• **TASK TO CARRY OUT**
All that is needed is the line in the material below containing "using assms(2)[OF that]", plus every line after it, printed exactly.

------------------------------------

lemma code_ge_perm_of_table_Suc_iff:
  assumes "t \<in> inv_tables (Suc m)"
  shows "(\<forall>i\<in>{1..Suc m}. c i \<le> kappa (perm_of_table (Suc m) t) i) \<longleftrightarrow>
    c (Suc (t 1)) = 0 \<and> (\<forall>i\<in>{1..m}. code_bound_tail c (t 1) i \<le> kappa (perm_of_table m (tab_tail t)) i)"
    (is "?lhs \<longleftrightarrow> ?rhs")
proof
  show "?lhs \<Longrightarrow> ?rhs" using code_ge_perm_of_table_SucD[OF assms] by blast
next
  assume ?rhs
  note K = kappa_perm_of_table_Suc[OF assms]
  have t1: "t 1 \<le> m" using inv_tables_SucD(2)[OF assms] .
  show ?lhs
  proof
    fix i assume i: "i \<in> {1..Suc m}"
    consider "i \<le> t 1" | "i = Suc (t 1)" | "Suc (t 1) < i" by linarith
    then show "c i \<le> kappa (perm_of_table (Suc m) t) i"
    proof cases
      case 1
      then have "i \<in> {1..m}" using i t1 by auto
      then have "code_bound_tail c (t 1) i \<le> kappa (perm_of_table m (tab_tail t)) i"
        using \<open>?rhs\<close> by blast
      then show ?thesis using K[OF i] 1 by (auto simp: code_bound_tail_def)
    next
      case 2 then show ?thesis using \<open>?rhs\<close> by simp
    next
      case 3
      then have "i - 1 \<in> {1..m}" "\<not> i - 1 \<le> t 1" "Suc (i - 1) = i" using i by auto
      moreover from this(1) have
        "code_bound_tail c (t 1) (i - 1) \<le> kappa (perm_of_table m (tab_tail t)) (i - 1)"
        using \<open>?rhs\<close> by blast
      ultimately show ?thesis using K[OF i] 3 by (auto simp: code_bound_tail_def)
    qed
  qed
qed

lemma Cvee_code_ge_tables_Suc_iff:
  assumes "zt \<in> inv_tables (Suc m)"
  shows "t \<in> Cvee_code_ge_tables (Suc m) zt c \<longleftrightarrow> t 0 = 0 \<and> t 1 \<le> zt 1 \<and> zt 1 \<le> Suc (t 1) \<and>
     c (Suc (t 1)) = 0 \<and> tab_tail t \<in> Cvee_code_ge_tables m (tab_tail zt) (code_bound_tail c (t 1))"
proof -
  have zt: "zt 0 = 0" "zt 1 \<le> m" using assms by (auto simp: inv_tables_Suc_iff)
  have cube: "t \<le> zt \<and> (\<forall>k. zt k \<le> Suc (t k)) \<longleftrightarrow>
      t 1 \<le> zt 1 \<and> zt 1 \<le> Suc (t 1) \<and> tab_tail t \<le> tab_tail zt \<and> (\<forall>k. tab_tail zt k \<le> Suc (tab_tail t k))"
    if "t 0 = 0"
  proof -
    have all: "(\<forall>k. P k) \<longleftrightarrow> P 0 \<and> P 1 \<and> (\<forall>k. k \<noteq> 0 \<longrightarrow> P (Suc k))" for P :: "nat \<Rightarrow> bool"
      by (metis One_nat_def not0_implies_Suc)
    show ?thesis
      unfolding le_fun_def tab_tail_def all[of "\<lambda>k. t k \<le> zt k"] all[of "\<lambda>k. zt k \<le> Suc (t k)"]
      using that zt(1) by auto
  qed
  show ?thesis
    unfolding Cvee_code_ge_tables_def mem_Collect_eq
    using code_ge_perm_of_table_Suc_iff[of t m c] cube zt(2) inv_tables_Suc_iff[of t m]
    by (auto dest: order.trans[of "t 1"])
qed

lemma code_bound_tail_eq:
  assumes "c a = 0" "c (Suc a) = 0" "a \<ge> 1"
  shows "code_bound_tail c (a - 1) = code_bound_tail c a"
proof
  fix i show "code_bound_tail c (a - 1) i = code_bound_tail c a i"
    using assms by (cases "i = a") (auto simp: code_bound_tail_def)
qed

lemma admissible_first_entries:
  assumes "A \<noteq> {}" "\<And>a. a \<in> A \<Longrightarrow> a \<le> z \<and> z \<le> Suc a \<and> c (Suc a) = 0"
  obtains alo ahi where "A = {alo..ahi}" "alo \<le> ahi" "ahi \<le> z" "z \<le> Suc alo"
    "\<And>a. a \<in> A \<Longrightarrow> code_bound_tail c a = code_bound_tail c ahi"
proof -
  have two: "a = z - 1 \<or> a = z" if "a \<in> A" for a
    using assms(2)[OF that] by (cases "a = z") auto
  show ?thesis
  proof (cases "z \<ge> 1 \<and> z - 1 \<in> A \<and> z \<in> A")
    case True
    have A_eq: "A = {z - 1..z}"
    proof
      show "A \<subseteq> {z - 1..z}" using two by fastforce
      show "{z - 1..z} \<subseteq> A"
      proof
        fix x assume "x \<in> {z - 1..z}"
        then have "x = z - 1 \<or> x = z" by auto
        then show "x \<in> A" using True by auto
      qed
    qed
    have "code_bound_tail c (z - 1) = code_bound_tail c z"
      using True assms(2)[of "z - 1"] assms(2)[of z] by (intro code_bound_tail_eq) auto
    then have tail_eq: "code_bound_tail c a = code_bound_tail c z" if "a \<in> A" for a
      using two[OF that] by auto
    show ?thesis by (rule that[OF A_eq _ _ _ tail_eq]) (use True in auto)
  next
    case False
    obtain a where a: "a \<in> A" using assms(1) by blast
    have "b = a" if "b \<in> A" for b
    proof (rule ccontr)
      assume "b \<noteq> a"
      then have "z \<ge> 1 \<and> z - 1 \<in> A \<and> z \<in> A" using two[OF a] two[OF that] a that by auto
      then show False using False by blast
    qed
    then have "A = {a}" using a by blast
    then show ?thesis using assms(2)[OF a] by (intro that[of a a]) auto
  qed
qed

------------------------------------

• **ANSWER AREA**
    using assms(2)[OF that] by (cases "a = z") auto
  show ?thesis
  proof (cases "z \<ge> 1 \<and> z - 1 \<in> A \<and> z \<in> A")
    case True
    have A_eq: "A = {z - 1..z}"
    proof
      show "A \<subseteq> {z - 1..z}" using two by fastforce
      show "{z - 1..z} \<subseteq> A"
      proof
        fix x assume "x \<in> {z - 1..z}"
        then have "x = z - 1 \<or> x = z" by auto
        then show "x \<in> A" using True by auto
      qed
    qed
    have "code_bound_tail c (z - 1) = code_bound_tail c z"
      using True assms(2)[of "z - 1"] assms(2)[of z] by (intro code_bound_tail_eq) auto
    then have tail_eq: "code_bound_tail c a = code_bound_tail c z" if "a \<in> A" for a
      using two[OF that] by auto
    show ?thesis by (rule that[OF A_eq _ _ _ tail_eq]) (use True in auto)
  next
    case False
    obtain a where a: "a \<in> A" using assms(1) by blast
    have "b = a" if "b \<in> A" for b
    proof (rule ccontr)
      assume "b \<noteq> a"
      then have "z \<ge> 1 \<and> z - 1 \<in> A \<and> z \<in> A" using two[OF a] two[OF that] a that by auto
      then show False using False by blast
    qed
    then have "A = {a}" using a by blast
    then show ?thesis using assms(2)[OF a] by (intro that[of a a]) auto
  qed
qed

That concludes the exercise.